Two lines below mark the span: the one containing "has_integral 0) (cbox" and the one containing "(auto simp: box_real)". Set down both, plus every line between, exactly as they stand, and nothing else.

(INPUT DATA Opens)

(* Let $N\ge1$, $0<\lambda\le\Lambda$, and assume $\beta=\frac{\Lambda}{\lambda}(N-1)+1>2$. Let $u:\mathbb{R}^N\to[0,\infty)$ be a nonnegative lower semicontinuous function and set $m(R)=\min_{|x|\le R}u(x)$ for $R\ge0$. (i) If $\mathcal{M}^+_{\lambda,\Lambda}(D^2u)\ge0$ in $\mathbb{R}^N$ in the viscosity sense, then $R\mapsto m(R)R^{\beta-2}$ is nondecreasing on $(0,\infty)$. (ii) Let $1<\gamma\le\frac{\beta}{\beta-1}$. If $\mathcal{M}^+_{\lambda,\Lambda}(D^2u)\ge|Du|^\gamma$ in $\mathbb{R}^N$ in the viscosity sense and $m(R)\to0$ as $R\to\infty$, then for every $\nu\in(0,\beta-2)$ there exists $R_\nu>0$ such that $R\mapsto m(R)R^{\nu}$ is nondecreasing on $[R_\nu,\infty)$.
   Context: For $M\in\mathrm{Sym}_N$ with eigenvalues $e_1,\dots,e_N$, $\mathcal{M}^+_{\lambda,\Lambda}(M)=\sup_{\lambda I_N\le A\le\Lambda I_N}(-\mathrm{Tr}(AM))=-\lambda\sum_{e_k>0}e_k-\Lambda\sum_{e_k<0}e_k$. A viscosity solution of an inequality $G(x,u,Du,D^2u)\ge 0$ in an open set $\Omega$ is a lower semicontinuous $u$ such that for every $x_0\in\Omega$ and every $\varphi\in C^2$ for which $u-\varphi$ has a local minimum at $x_0$, $G(x_0,u(x_0),D\varphi(x_0),D^2\varphi(x_0))\ge0$. *)

theory Defs
  imports "HOL-Analysis.Analysis"
begin

definition pucci_admissible :: "real \<Rightarrow> real \<Rightarrow> real^'n^'n \<Rightarrow> bool" where
  "pucci_admissible l L A \<longleftrightarrow> transpose A = A \<and>
     (\<forall>x::real^'n. l * (x \<bullet> x) \<le> x \<bullet> (A *v x) \<and> x \<bullet> (A *v x) \<le> L * (x \<bullet> x))"

definition pucci_max :: "real \<Rightarrow> real \<Rightarrow> real^'n^'n \<Rightarrow> real" where
  "pucci_max l L M = (SUP A \<in> {A. pucci_admissible l L A}. - trace (A ** M))"

definition lsc :: "('a::topological_space \<Rightarrow> real) \<Rightarrow> bool" where
  "lsc u \<longleftrightarrow> (\<forall>a. open {x. a < u x})"
(* Assume that the following hold: (i) there exist positive finite constants $g_1,g_2$ such that for all large enough $r$, $\mathbb{E}[X_r]\in\mu r+[-g_1r^{1/3},-g_2r^{1/3}]$; (ii) there exist constants $\delta>0$, $C>0$, $r_1$ such that for all $r>r_1$, $\mathbb{P}(X_r-\mu r>Cr^{1/3})\ge\delta$. Then there exist constants $c>0$, $\eta>0$, $\theta_0$ and $r_0$ such that for all $r>r_0$ and $\theta_0<\theta<\eta r^{2/3}$, $$\mathbb{P}\left(X_r-\mathbb{E}[X_r]\ge\theta r^{1/3}\right)\ge\exp\left(-c\theta^{3/2}\right).$$
   Context: Let $\{\xi_v:v\in\mathbb{Z}^2\}$ be i.i.d. random variables with a common law $\nu$ supported on $[0,\infty)$. A directed path is an up-right nearest-neighbour path in $\mathbb{Z}^2$, and its weight is $\ell(\gamma)=\sum_{u\in\gamma}\xi_u$. For $u\preceq v$ coordinatewise, $X_{u,v}=\max_{\gamma:u\to v}\ell(\gamma)$ over directed paths from $u$ to $v$. For $r\in\mathbb{N}$, $X_r=X_{(1,1),(r,r)}$. It is assumed that $\mu=\lim_{r\to\infty}r^{-1}\mathbb{E}[X_r]<\infty$. *)

theory Defs
  imports "HOL-Probability.Probability"
begin

type_synonym vertex = "int \<times> int"

definition up_right_step :: "vertex \<Rightarrow> vertex \<Rightarrow> bool" where
  "up_right_step u v \<longleftrightarrow> v = (fst u + 1, snd u) \<or> v = (fst u, snd u + 1)"

definition directed_paths :: "vertex \<Rightarrow> vertex \<Rightarrow> vertex list set" where
  "directed_paths u v = {\<gamma>. \<gamma> \<noteq> [] \<and> hd \<gamma> = u \<and> last \<gamma> = v \<and>
      (\<forall>i. i + 1 < length \<gamma> \<longrightarrow> up_right_step (\<gamma> ! i) (\<gamma> ! (i + 1)))}"

text \<open>Weight of a path: sum of the vertex weights (vertices of a directed path are distinct).\<close>
definition path_weight :: "(vertex \<Rightarrow> real) \<Rightarrow> vertex list \<Rightarrow> real" where
  "path_weight \<xi> \<gamma> = sum_list (map \<xi> \<gamma>)"

definition lpp :: "(vertex \<Rightarrow> real) \<Rightarrow> vertex \<Rightarrow> vertex \<Rightarrow> real" where
  "lpp \<xi> u v = Max (path_weight \<xi> ` directed_paths u v)"

definition X :: "nat \<Rightarrow> (vertex \<Rightarrow> real) \<Rightarrow> real" where
  "X r \<xi> = lpp \<xi> (1, 1) (int r, int r)"

definition env :: "real measure \<Rightarrow> (vertex \<Rightarrow> real) measure" where
  "env \<nu> = PiM UNIV (\<lambda>_. \<nu>)"

end

theory Submission
  imports Defs
begin

text \<open>
  Cut the diagonal from (1, 1) to (r, r) into k consecutive diagonal squares of nearly equal
  side m = r div k. Gluing optimal paths of the squares shows that X r dominates the sum of the
  k square passage times; these are independent (disjoint sets of weights) and distributed like
  X m (translation invariance). By (ii), each of them exceeds \<mu> m + C m^(1/3) with probability
  at least \<delta> once m > r1, so with probability at least \<delta>^k we get
  X r \<ge> \<mu> r + C k m^(1/3) \<approx> \<mu> r + C k^(2/3) r^(1/3). Since E X r \<le> \<mu> r for large r
  by the upper half of (i), the choice k \<approx> (2/C^3)^(1/2) \<theta>^(3/2) gives a deviation of
  \<theta> r^(1/3) with probability \<delta>^k = exp (- c \<theta>^(3/2)); the condition \<theta> < \<eta> r^(2/3)
  keeps m above r1.
\<close>

section \<open>Directed paths and last passage values\<close>

definition vertex_box :: "vertex \<Rightarrow> vertex \<Rightarrow> vertex set" where
  "vertex_box u v = {fst u..fst v} \<times> {snd u..snd v}"

lemma directed_path_step:
  "\<gamma> \<in> directed_paths u v \<Longrightarrow> i + 1 < length \<gamma> \<Longrightarrow> up_right_step (\<gamma> ! i) (\<gamma> ! (i + 1))"
  unfolding directed_paths_def by blast

lemma directed_path_ends:
  assumes "\<gamma> \<in> directed_paths u v"
  shows "\<gamma> \<noteq> []" "\<gamma> ! 0 = u" "\<gamma> ! (length \<gamma> - 1) = v"
  using assms unfolding directed_paths_def by (auto simp: hd_conv_nth last_conv_nth)

lemma directed_path_coord_mono:
  assumes "\<gamma> \<in> directed_paths u v" "i + d < length \<gamma>"
  shows "fst (\<gamma> ! i) \<le> fst (\<gamma> ! (i + d)) \<and> snd (\<gamma> ! i) \<le> snd (\<gamma> ! (i + d))"
  using assms(2)
proof (induction d)
  case (Suc d)
  then have "up_right_step (\<gamma> ! (i + d)) (\<gamma> ! (i + d + 1))"
    using directed_path_step[OF assms(1)] by simp
  with Suc show ?case unfolding up_right_step_def by auto
qed simp

lemma directed_path_coord_sum:
  assumes "\<gamma> \<in> directed_paths u v" "i < length \<gamma>"
  shows "fst (\<gamma> ! i) + snd (\<gamma> ! i) = fst u + snd u + int i"
  using assms(2)
proof (induction i)
  case 0
  then show ?case using directed_path_ends[OF assms(1)] by simp
next
  case (Suc i)
  then have "up_right_step (\<gamma> ! i) (\<gamma> ! (i + 1))"
    using directed_path_step[OF assms(1)] by simp
  with Suc show ?case unfolding up_right_step_def by auto
qed

lemma set_directed_path_subset_box:
  assumes "\<gamma> \<in> directed_paths u v"
  shows "set \<gamma> \<subseteq> vertex_box u v"
proof
  fix p assume "p \<in> set \<gamma>"
  then obtain i where i: "i < length \<gamma>" "p = \<gamma> ! i" by (auto simp: in_set_conv_nth)
  have "fst u \<le> fst p \<and> snd u \<le> snd p"
    using directed_path_coord_mono[OF assms, of 0 i] directed_path_ends[OF assms] i by simp
  moreover have "fst p \<le> fst v \<and> snd p \<le> snd v"
    using directed_path_coord_mono[OF assms, of i "length \<gamma> - 1 - i"] directed_path_ends[OF assms] i
    by simp
  ultimately show "p \<in> vertex_box u v" unfolding vertex_box_def by (auto simp: mem_Times_iff)
qed

lemma length_directed_path:
  assumes "\<gamma> \<in> directed_paths u v"
  shows "length \<gamma> = nat (fst v + snd v - fst u - snd u) + 1"
  using directed_path_coord_sum[OF assms, of "length \<gamma> - 1"] directed_path_ends[OF assms]
  by (cases \<gamma>) auto

lemma finite_directed_paths: "finite (directed_paths u v)"
proof (rule finite_subset)
  let ?n = "nat (fst v + snd v - fst u - snd u) + 1"
  show "directed_paths u v \<subseteq> {xs. set xs \<subseteq> vertex_box u v \<and> length xs = ?n}"
    using set_directed_path_subset_box length_directed_path by blast
  show "finite {xs. set xs \<subseteq> vertex_box u v \<and> length xs = ?n}"
    by (rule finite_lists_length_eq) (simp add: vertex_box_def)
qed

lemma singleton_directed_path: "[u] \<in> directed_paths u u"
  unfolding directed_paths_def by auto

lemma append_directed_paths:
  assumes \<gamma>1: "\<gamma>1 \<in> directed_paths u v" and \<gamma>2: "\<gamma>2 \<in> directed_paths v' w"
    and step: "up_right_step v v'"
  shows "\<gamma>1 @ \<gamma>2 \<in> directed_paths u w"
proof -
  have "up_right_step ((\<gamma>1 @ \<gamma>2) ! i) ((\<gamma>1 @ \<gamma>2) ! (i + 1))"
    if i: "i + 1 < length (\<gamma>1 @ \<gamma>2)" for i
  proof -
    consider "i + 1 < length \<gamma>1" | "i + 1 = length \<gamma>1" | "length \<gamma>1 \<le> i" by linarith
    then show ?thesis
    proof cases
      case 1
      then show ?thesis using directed_path_step[OF \<gamma>1 1] by (simp add: nth_append)
    next
      case 2
      then have "i = length \<gamma>1 - 1" by simp
      with 2 show ?thesis
        using step directed_path_ends[OF \<gamma>1] directed_path_ends[OF \<gamma>2] by (simp add: nth_append)
    next
      case 3
      then have "i - length \<gamma>1 + 1 < length \<gamma>2" using i by simp
      from directed_path_step[OF \<gamma>2 this] 3 show ?thesis by (simp add: nth_append Suc_diff_le)
    qed
  qed
  then show ?thesis using \<gamma>1 \<gamma>2 unfolding directed_paths_def by auto
qed

lemma directed_paths_nonempty:
  assumes "fst u \<le> fst v" "snd u \<le> snd v"
  shows "directed_paths u v \<noteq> {}"
proof -
  have "directed_paths u v \<noteq> {}"
    if "fst u \<le> fst v" "snd u \<le> snd v" "nat (fst v + snd v - fst u - snd u) = n" for v n
    using that
  proof (induction n arbitrary: v)
    case 0
    then have "v = u" by (simp add: prod_eq_iff)
    then show ?case using singleton_directed_path by blast
  next
    case (Suc n)
    define v' where "v' = (if fst u < fst v then (fst v - 1, snd v) else (fst v, snd v - 1))"
    have "fst u \<le> fst v'" "snd u \<le> snd v'" "nat (fst v' + snd v' - fst u - snd u) = n"
      using Suc.prems unfolding v'_def by auto
    then obtain \<gamma> where "\<gamma> \<in> directed_paths u v'" using Suc.IH by blast
    moreover have "up_right_step v' v" unfolding v'_def up_right_step_def by auto
    ultimately have "\<gamma> @ [v] \<in> directed_paths u v"
      using append_directed_paths singleton_directed_path by blast
    then show ?case by blast
  qed
  then show ?thesis using assms by blast
qed

lemma path_weight_append: "path_weight \<xi> (\<gamma>1 @ \<gamma>2) = path_weight \<xi> \<gamma>1 + path_weight \<xi> \<gamma>2"
  unfolding path_weight_def by simp
lemma gegenbauer_poly_orthogonal:
  assumes "m \<noteq> n"
  shows "((\<lambda>x. (1 - x^2)^k * poly (gegenbauer_poly (real k + 1/2) m) x * poly (gegenbauer_poly (real k + 1/2) n) x)
           has_integral 0) {-1..1}"
proof -
  define Ym where "Ym = gegenbauer_poly (real k + 1/2) m"
  define Yn where "Yn = gegenbauer_poly (real k + 1/2) n"
  define c where "c = real n * (real n + 2*k + 1) - real m * (real m + 2*k + 1)"
  have "c = (real n - real m) * (real n + real m + 2*k + 1)" unfolding c_def by (simp add: algebra_simps)
  then have "c \<noteq> 0" using assms by simp
  have "((\<lambda>t. c * ((1 - t^2)^k * poly Ym t * poly Yn t)) has_integral
      (1 - 1^2)^(k+1) * (poly (pderiv Ym) 1 * poly Yn 1 - poly (pderiv Yn) 1 * poly Ym 1)
      - (1 - (-1)^2)^(k+1) * (poly (pderiv Ym) (-1) * poly Yn (-1) - poly (pderiv Yn) (-1) * poly Ym (-1))) {-1..1}"
  proof (rule fundamental_theorem_of_calculus)
    fix x :: real
    have "DERIV (\<lambda>t. (1 - t^2)^(k+1) * (poly (pderiv Ym) t * poly Yn t - poly (pderiv Yn) t * poly Ym t)) x
        :> c * ((1 - x^2)^k * poly Ym x * poly Yn x)"
      unfolding c_def Ym_def Yn_def by (rule gegenbauer_poly_wronskian_deriv)
    then show "((\<lambda>t. (1 - t^2)^(k+1) * (poly (pderiv Ym) t * poly Yn t - poly (pderiv Yn) t * poly Ym t))
        has_vector_derivative c * ((1 - x^2)^k * poly Ym x * poly Yn x)) (at x within {-1..1})"
      by (simp add: has_field_derivative_at_within flip: has_real_derivative_iff_has_vector_derivative)
  qed simp
  then have "((\<lambda>t. c * ((1 - t^2)^k * poly Ym t * poly Yn t)) has_integral 0) {-1..1}"
    by simp
  from has_integral_mult_right[OF this, of "inverse c"] \<open>c \<noteq> 0\<close>
  show ?thesis unfolding Ym_def Yn_def by (simp add: field_simps)
qed

lemma gegenbauer_poly_norm_nonzero:
  assumes "l > 0"
  shows "integral {-1..1} (\<lambda>x. (1 - x^2)^k * (poly (gegenbauer_poly l n) x)^2) \<noteq> 0"
proof
  define f where "f = (\<lambda>x::real. (1 - x^2)^k * (poly (gegenbauer_poly l n) x)^2)"
  assume "integral {-1..1} (\<lambda>x. (1 - x^2)^k * (poly (gegenbauer_poly l n) x)^2) = 0"
  moreover have cont: "continuous_on {-1..1} f" unfolding f_def by (intro continuous_intros)
  ultimately have "(f has_integral 0) (cbox (-1) 1)"
    using integrable_continuous_real[OF cont] by (simp add: f_def has_integral_integral)
  moreover have nonneg: "0 \<le> f x" if "x \<in> box (-1) 1" for x
  proof -
    have "0 \<le> 1 - x^2" using that by (auto simp: box_real abs_square_le_1)
    then show ?thesis by (simp add: f_def)
  qed
  ultimately have f_0: "f x = 0" if "x \<in> {-1<..<1}" for x
    using has_integral_0_cbox_imp_0[of "-1" 1 f x] that cont by (auto simp: box_real)
  have weight_nonzero: "(1 - x^2)^k \<noteq> 0" if "x \<in> {-1<..<1}" for x :: real
  proof -
    have "x^2 < 1" using that by (auto simp: abs_square_less_1)
    then show ?thesis by simp
  qed
  have "{-1<..<1} \<subseteq> {x. poly (gegenbauer_poly l n) x = 0}"
  proof
    fix x :: real assume "x \<in> {-1<..<1}"
    with f_0 weight_nonzero show "x \<in> {x. poly (gegenbauer_poly l n) x = 0}"
      unfolding f_def by (metis mem_Collect_eq mult_eq_0_iff zero_eq_power2)
  qed
  moreover have "gegenbauer_poly l n \<noteq> 0" using gegenbauer_poly_at_1_pos[OF assms, of n] by auto
  then have "finite {x. poly (gegenbauer_poly l n) x = 0}" by (rule poly_roots_finite)
  ultimately have "finite {-1<..<(1::real)}" by (rule finite_subset)
  then show False using infinite_Ioo[of "-1" "1::real"] by simp
qed

section \<open>Connection coefficients\<close>

definition gegenbauer_connection_coeff :: "real \<Rightarrow> nat \<Rightarrow> nat \<Rightarrow> nat \<Rightarrow> real" where
  "gegenbauer_connection_coeff l k n i =
     (-1)^i * real (k choose i) * pochhammer l k * (real n + real k - 2 * real i + l)
       / pochhammer (real n - real i + l) (k+1)"

lemma gegenbauer_connection_coeff_0_0:
  "l > 0 \<Longrightarrow> gegenbauer_connection_coeff l 0 n 0 = 1"
  by (simp add: gegenbauer_connection_coeff_def add_pos_pos)

lemma gegenbauer_connection_coeff_beyond: "gegenbauer_connection_coeff l k n (Suc k) = 0"
  by (simp add: gegenbauer_connection_coeff_def)

lemma gegenbauer_connection_coeff_Suc_0:
  assumes "l > 0"
  shows "gegenbauer_connection_coeff l (Suc k) n 0
    = gegenbauer_connection_coeff l k n 0 * ((l + real k) / (real n + real k + l))"
proof -
  define h where "h = real n + l"
  define Q where "Q = pochhammer h (k+1)"
  define A where "A = real n + real k + l"
  define A1 where "A1 = A + 1"
  have "h > 0" "A > 0" "A1 > 0" using assms by (simp_all add: h_def A1_def A_def add_pos_pos)
  then have "Q > 0" by (simp add: Q_def pochhammer_pos)
  have Q_Suc: "pochhammer h (Suc k + 1) = Q * A1"
    using pochhammer_rec'[of h "k+1"] by (simp add: Q_def h_def A1_def A_def algebra_simps)
  have poch_Suc: "pochhammer l (Suc k) = pochhammer l k * (l + real k)"
    using pochhammer_rec'[of l k] by (simp add: algebra_simps)
  have args: "real n - real (0::nat) + l = h" "real n + real (Suc k) - 2 * real (0::nat) + l = A1"
    "real n + real k - 2 * real (0::nat) + l = A"
    by (simp_all add: h_def A1_def A_def)
  show ?thesis
    unfolding gegenbauer_connection_coeff_def args Q_Suc poch_Suc Q_def[symmetric] A_def[symmetric]
    using \<open>Q > 0\<close> \<open>A > 0\<close> \<open>A1 > 0\<close> by (simp add: field_simps)
qed

lemma gegenbauer_connection_coeff_Suc_Suc:
  assumes l: "l > 0" and n: "2 * Suc j \<le> n"
  shows "gegenbauer_connection_coeff l (Suc k) n (Suc j)
    = gegenbauer_connection_coeff l k n (Suc j) * ((l + real k) / (real (n - 2 * Suc j) + real k + l))
      - gegenbauer_connection_coeff l k n j * ((l + real k) / (real (n - 2*j) + real k + l))"
proof -
  define h where "h = real n - real (Suc j) + l"
  define Q where "Q = pochhammer h (k+1)"
  define E where "E = h + real k + 1"
  define A where "A = real (n - 2 * Suc j) + real k + l"
  define B where "B = A + 2"
  define pk where "pk = pochhammer l k"
  define c0 where "c0 = real (k choose j)"
  define c1 where "c1 = real (k choose Suc j)"
  have "h > 0" unfolding h_def using n l by simp
  then have "Q > 0" "E > 0" by (simp_all add: Q_def E_def pochhammer_pos)
  have "A > 0" "B > 0" using l by (simp_all add: A_def B_def add_pos_pos)
  have Q_Suc: "pochhammer h (Suc k + 1) = Q * E"
    unfolding Q_def E_def using pochhammer_rec'[of h "k+1"] by (simp add: algebra_simps)
  have Q_shift: "pochhammer (h + 1) (k + 1) = Q * E / h"
    using pochhammer_rec[of h "k+1"] Q_Suc \<open>h > 0\<close> by (simp add: field_simps)
  have poch_Suc: "pochhammer l (Suc k) = pk * (l + real k)"
    unfolding pk_def using pochhammer_rec'[of l k] by (simp add: algebra_simps)
  have args: "real n - real j + l = h + 1" "real n - real (Suc j) + l = h"
    "real n + real k - 2 * real (Suc j) + l = A" "real n + real k - 2 * real j + l = B"
    "real (n - 2*j) + real k + l = B" "real n + real (Suc k) - 2 * real (Suc j) + l = E - real j - 1"
    using n by (simp_all add: h_def A_def B_def E_def of_nat_diff)
  have choose_Suc: "real (Suc k choose Suc j) = c0 + c1" unfolding c0_def c1_def by simp
  have choose_rel: "real (Suc j) * c1 = (real k - real j) * c0"
  proof (cases "j \<le> k")
    case True
    have "Suc j * (k choose Suc j) = (k - j) * (k choose j)"
      using binomial_absorption[of j k] binomial_absorb_comp[of k j] by simp
    then have "real (Suc j * (k choose Suc j)) = real ((k - j) * (k choose j))" by simp
    then show ?thesis using True unfolding c0_def c1_def by (simp only: of_nat_mult of_nat_diff)
  qed (simp add: c0_def c1_def binomial_eq_0)
  have high: "gegenbauer_connection_coeff l k n (Suc j) * ((l + real k) / A)
      = (-1)^(Suc j) * c1 * pk * (l + real k) / Q"
    unfolding gegenbauer_connection_coeff_def args(2,3) Q_def[symmetric] pk_def[symmetric] c1_def[symmetric]
    using \<open>A > 0\<close> \<open>Q > 0\<close> by (simp add: field_simps)
  have low: "gegenbauer_connection_coeff l k n j * ((l + real k) / B)
      = (-1)^j * c0 * pk * (l + real k) * h / (Q * E)"
    unfolding gegenbauer_connection_coeff_def args(1,4) Q_shift pk_def[symmetric] c0_def[symmetric]
    using \<open>B > 0\<close> \<open>Q > 0\<close> \<open>h > 0\<close> \<open>E > 0\<close> by (simp add: field_simps)
  have raised: "gegenbauer_connection_coeff l (Suc k) n (Suc j)
      = (-1)^(Suc j) * (c0 + c1) * pk * (l + real k) * (E - real j - 1) / (Q * E)"
    unfolding gegenbauer_connection_coeff_def args(2,6) Q_Suc poch_Suc choose_Suc by simp
  have "(-1)^(Suc j) * c1 * pk * (l + real k) / Q - (-1)^j * c0 * pk * (l + real k) * h / (Q * E)
      = (-1)^(Suc j) * pk * (l + real k) * (c1 * E + c0 * h) / (Q * E)"
    using \<open>Q > 0\<close> \<open>E > 0\<close> by (simp add: field_simps)
  also have "c1 * E + c0 * h = (c0 + c1) * (E - real j - 1)"
    using choose_rel unfolding E_def by (simp add: algebra_simps)
  finally show ?thesis unfolding A_def[symmetric] args(5) high low raised by (simp add: mult_ac)
qed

(INPUT DATA Closes)

--- SOLUTION FOR THIS EXERCISE ---
  ultimately have "(f has_integral 0) (cbox (-1) 1)"
    using integrable_continuous_real[OF cont] by (simp add: f_def has_integral_integral)
  moreover have nonneg: "0 \<le> f x" if "x \<in> box (-1) 1" for x
  proof -
    have "0 \<le> 1 - x^2" using that by (auto simp: box_real abs_square_le_1)
    then show ?thesis by (simp add: f_def)
  qed
  ultimately have f_0: "f x = 0" if "x \<in> {-1<..<1}" for x
    using has_integral_0_cbox_imp_0[of "-1" 1 f x] that cont by (auto simp: box_real)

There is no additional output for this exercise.